The filter removes only the third dimension.

.. execute::
   :context:
   :show-return:

   t.transform(X).shape

And the resulting transformation contains only the three remaining dimensions.


*****************************
Sequential dimension selector
*****************************

Sequentially select a set of dimensions by adding (forward) or removing
(backward) dimensions to greedily form a subset. At each iteration, the
algorithm chooses the best dimension to add or remove based on the cross
validation score of a classifier or regressor.

.. execute::
   :context:
   :show-return:

   from wildboar.datasets import load_ering
   from wildboar.dimension_selection import SequentialDimensionSelector
   from wildboar.distance import KNeighborsClassifier

   X, y = load_ering()
   t = SequentialDimensionSelector(KNeighborsClassifier(), n_dims=2)
   t.fit(X, y)

We select the dimensions that have the most predictive performance.

.. execute::
   :context:
   :show-return:

   t.get_dimensions()

The resulting transformation contains only those dimensions.

.. execute::
   :context:
   :show-return:

   t.transform(X).shape

.. execute::
   :context:
   :show-return:

   from wildboar.linear_model import RocketClassifier

   X_train, X_test, y_train, y_test = load_ering(merge_train_test=False)

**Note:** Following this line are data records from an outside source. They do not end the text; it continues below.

lemma sum_unit_root_multiples:
  assumes "m * N = n" "m > 0" "N > 0"
  shows "(\<Sum>j\<in>{1..n}. if m dvd j then unit_root n ^ (j * k) else 0) = (if N dvd k then of_nat N else 0)"
proof -
  have n: "n > 0" using assms by (metis nat_0_less_mult_iff)
  define z where "z = unit_root n ^ (m * k)"
  have "(\<Sum>j\<in>{1..n}. if m dvd j then unit_root n ^ (j * k) else 0) =
      (\<Sum>j\<in>{j\<in>{1..n}. m dvd j}. unit_root n ^ (j * k))"
    by (rule sum.inter_filter[symmetric]) simp
  also have "\<dots> = (\<Sum>j\<in>(\<lambda>i. m * Suc i) ` {..<N}. unit_root n ^ (j * k))"
    using multiples_atLeastAtMost_eq_image[OF assms(1,2)] by simp
  also have "\<dots> = (\<Sum>i<N. unit_root n ^ (m * Suc i * k))"
    by (rule sum.reindex_cong[of "\<lambda>i. m * Suc i"]) (use assms in \<open>auto simp: inj_on_def\<close>)
  also have "\<dots> = (\<Sum>i<N. z * z ^ i)"
    by (intro sum.cong refl) (simp add: z_def algebra_simps flip: power_mult power_add)
  also have "\<dots> = z * (\<Sum>i<N. z ^ i)" by (simp add: sum_distrib_left)
  finally have sum: "(\<Sum>j\<in>{1..n}. if m dvd j then unit_root n ^ (j * k) else 0) = z * (\<Sum>i<N. z ^ i)" .
  have "m * k * N = n * k" using assms(1) by (simp add: algebra_simps)
  then have "z ^ N = unit_root n ^ (n * k)" by (simp only: z_def flip: power_mult)
  then have "z ^ N = 1" using unit_root_power_eq_1_iff[OF n] by simp
  moreover have "z = 1 \<longleftrightarrow> N dvd k"
    using unit_root_power_eq_1_iff[OF n, of "m * k"] assms by (auto simp: z_def)
  ultimately show ?thesis using sum by (simp add: sum_gp_strict)
qed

   clf = RocketClassifier(random_state=2)
   clf.fit(X_train, y_train)

.. execute::
   :context:
   :include-source: no
   :show-output:

   print(f"""
   Using all dimensions, the Rocket classifier has an accuracy of
   {clf.score(X_test, y_test):.2f}.
   """)


By using the :func:`~sklearn.pipeline.make_pipeline` function from ``scikit-learn``
we can reduce the number of dimensions.

.. execute::
   :context:
   :show-return:

   from sklearn.pipeline import make_pipeline
   clf = make_pipeline(
      SequentialDimensionSelector(KNeighborsClassifier(), n_dims=3),
      RocketClassifier(random_state=2)
   )
   clf.fit(X_train, y_train)

.. execute::
   :context:
   :include-source: no
   :show-output:

   print(f"""
   Using only the selected dimensions, the Rocket classifier instead has an
   accuracy of {clf.score(X_test, y_test):.2f}.
   """)